Management of a plethora of other clinical situations in outpatients with COVID also remain uncertain. Here are a few examples:
- Should patients with confirmed COVID and infiltrates on chest X-ray (i.e., pneumonia) be prescribed antibiotics for a possible secondary bacterial infection? If so, what antibiotics and for how long?
- Should patients with COVID who also have asthma be prescribed oral steroids, or should these be avoided when possible given potential harm of dexamethasone in mild-moderate COVID?
- How should chest pain be evaluated in a patient with COVID and low/moderate cardiovascular risk factors?
- How should longer term effects of COVID be managed? What is appropriate counseling regarding these longer-term effects?

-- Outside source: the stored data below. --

lemma Qval_busy:
  assumes "s \<noteq> 0" "0 < k" "k \<le> K"
  shows "Qval N K ps b c p q \<beta> U s k a = q * real a * b s +
     \<beta> * ((1 - real a + real a * (1 - q)) * mean_value N ps U k + q * real a * mean_value N ps U (k - 1))"
proof -
  have "trans_prob K ps p q s k a s' k' = (if k' = k then ps s' * (1 - real a + real a * (1 - q))
      else if k' = k - 1 then ps s' * q * real a else 0)" for s' k'
    using assms by (simp add: trans_prob_def Let_def)
  then have inner: "(\<Sum>k'\<in>{0..K}. trans_prob K ps p q s k a s' k' * U s' k') =
     ps s' * (1 - real a + real a * (1 - q)) * U s' k + ps s' * q * real a * U s' (k - 1)" for s'
    using assms by (simp only:) (intro sum_two_points, auto)
  then show ?thesis
    unfolding Qval_def inner mean_value_def using assms
    by (simp add: reward_def sum.distrib sum_subtractf sum_distrib_left algebra_simps)
qed

lemma Qval_busy_empty:
  assumes "s \<noteq> 0"
  shows "Qval N K ps b c p q \<beta> U s 0 a = \<beta> * mean_value N ps U 0"
proof -
  have "trans_prob K ps p q s 0 a s' k' = (if k' = 0 then ps s' else 0)" for s' k'
    using assms by (simp add: trans_prob_def Let_def)
  then have inner: "(\<Sum>k'\<in>{0..K}. trans_prob K ps p q s 0 a s' k' * U s' k') = ps s' * U s' 0" for s'
    by (simp only:) (intro sum_one_point, auto)
  then show ?thesis
    unfolding Qval_def inner mean_value_def using assms
    by (simp add: reward_def sum.distrib sum_subtractf sum_distrib_left algebra_simps)
qed

lemma Qval_idle:
  assumes "k < K"
  shows "Qval N K ps b c p q \<beta> U 0 k a = - c * p * (1 - real a) +
     \<beta> * ((real a + (1 - real a) * (1 - p)) * mean_value N ps U k
          + p * (1 - real a) * mean_value N ps U (Suc k))"
proof -
  have "trans_prob K ps p q 0 k a s' k' = (if k' = k then ps s' * (real a + (1 - real a) * (1 - p))
      else if k' = Suc k then ps s' * p * (1 - real a) else 0)" for s' k'
    using assms by (simp add: trans_prob_def Let_def)
  then have inner: "(\<Sum>k'\<in>{0..K}. trans_prob K ps p q 0 k a s' k' * U s' k') =
     ps s' * (real a + (1 - real a) * (1 - p)) * U s' k + ps s' * p * (1 - real a) * U s' (Suc k)" for s'
    using assms by (simp only:) (intro sum_two_points, auto)
  then show ?thesis
    unfolding Qval_def inner mean_value_def
    by (simp add: reward_def sum.distrib sum_subtractf sum_distrib_left algebra_simps)
qed

lemma Qval_idle_full:
  "Qval N K ps b c p q \<beta> U 0 K a = - c * p * (1 - real a) + \<beta> * mean_value N ps U K"
proof -
  have "trans_prob K ps p q 0 K a s' k' = (if k' = K then ps s' else 0)" for s' k'
    by (simp add: trans_prob_def Let_def)
  then have inner: "(\<Sum>k'\<in>{0..K}. trans_prob K ps p q 0 K a s' k' * U s' k') = ps s' * U s' K" for s'
    by (simp only:) (intro sum_one_point, auto)
  then show ?thesis
    unfolding Qval_def inner mean_value_def
    by (simp add: reward_def sum.distrib sum_subtractf sum_distrib_left algebra_simps)
qed

context
  fixes N K :: nat and ps b :: "nat \<Rightarrow> real" and c p q \<beta> :: real
  assumes ps_nonneg: "\<forall>s\<le>N. 0 \<le> ps s"
    and ps_sum: "(\<Sum>s\<in>{0..N}. ps s) = 1"
    and c_pos: "c > 0"
    and p_range: "0 < p" "p < 1"
    and q_range: "0 < q" "q < 1"
    and beta_range: "0 < \<beta>" "\<beta> < 1"
begin
lemma quasi_tree_free_vertex:
  assumes qt: "quasi_tree \<Delta>" and "i \<in> \<Union>\<Delta>"
    and link_clique: "\<And>a b. a \<noteq> i \<Longrightarrow> b \<noteq> i \<Longrightarrow> a \<noteq> b \<Longrightarrow> \<exists>F\<in>\<Delta>. i \<in> F \<and> a \<in> F \<Longrightarrow>
        \<exists>F\<in>\<Delta>. i \<in> F \<and> b \<in> F \<Longrightarrow> \<exists>F\<in>\<Delta>. a \<in> F \<and> b \<in> F"
  shows "free_vertex \<Delta> i"
proof -
  obtain F0 where F0: "F0 \<in> \<Delta>" "i \<in> F0" using \<open>i \<in> \<Union>\<Delta>\<close> by blast
  have incomparable: "\<forall>F\<in>\<Delta>. \<forall>G\<in>\<Delta>. F \<subseteq> G \<longrightarrow> F = G"
    using qt unfolding quasi_tree_def facet_family_def by blast
  have unique: "F1 = F0" if F1: "F1 \<in> \<Delta>" "i \<in> F1" for F1
  proof -
    have "skeleton_clique \<Delta> (F0 \<union> F1)"
      unfolding skeleton_clique_def
    proof (intro conjI ballI impI)
      fix a b assume a: "a \<in> F0 \<union> F1" and b: "b \<in> F0 \<union> F1" and "a \<noteq> b"
      have a_i: "\<exists>F\<in>\<Delta>. i \<in> F \<and> a \<in> F" and b_i: "\<exists>F\<in>\<Delta>. i \<in> F \<and> b \<in> F"
        using a b F0 F1 by blast+
      show "\<exists>F\<in>\<Delta>. a \<in> F \<and> b \<in> F"
      proof (cases "a = i \<or> b = i")
        case True
        with a_i b_i show ?thesis by blast
      next
        case False
        with link_clique[OF _ _ \<open>a \<noteq> b\<close> a_i b_i] show ?thesis by blast
      qed
    next
      show "F0 \<union> F1 \<subseteq> \<Union>\<Delta>" using F0(1) F1(1) by blast
    qed
    moreover have "F0 \<union> F1 \<noteq> {}" using F0(2) by blast
    ultimately obtain F where F: "F \<in> \<Delta>" "F0 \<subseteq> F" "F1 \<subseteq> F"
      using quasi_tree_clique_in_facet[OF qt] by (metis Un_subset_iff)
    then have "F0 = F" "F1 = F" using incomparable F0(1) F1(1) by auto
    then show "F1 = F0" by simp
  qed
  have "{F \<in> \<Delta>. i \<in> F} = {F0}" using F0 unique by blast
  then show ?thesis unfolding free_vertex_def by simp
qed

These questions come up nearly every day I am in clinic, yet there are no clear guidelines for handling any of these situations. There is an enormous amount about this disease that we still don’t know.
On top of better guidance on those clinical questions, we are in dire need of better therapies for outpatients. I am grateful for the antibody therapies that are being developed, but what we really need are potent, oral antiviral therapies. These drugs are probably a year or more away, because medicinal chemistry efforts to discover novel compounds with desirable pharmaceutical properties are necessarily slow. Repurposing existing compounds, as was done with remdesivir, is unlikely to be the solution because these compounds rarely have the potency and desired properties to make for a truly transformative therapy.
Let’s return to my phone conversation with my patient with worsening COVID.
“What can I do to get better?”
What could I say? I seriously considered telling her to go to the emergency department right then, but because she was young and in satisfactory health at baseline, I decided against it. I encouraged her to sign up for the clinical trial of bamlanivimab—that way, she would at least have a chance of getting the dose that reduces viral load. And I told her that if she started to feel any worse at all, she should call an ambulance.
I kept a close eye on her chart over the next week. She did enroll in the bamlanivimab trial, although I’ll never know which dose she received, or if she got placebo. In any case, she did not need to be admitted to the hospital and has since recovered from her illness. Her case was a small victory in a season full of losses. While I take pleasure in her recovery, I probably can’t take credit for it.
Not without better tools at my disposal to manage patients like her.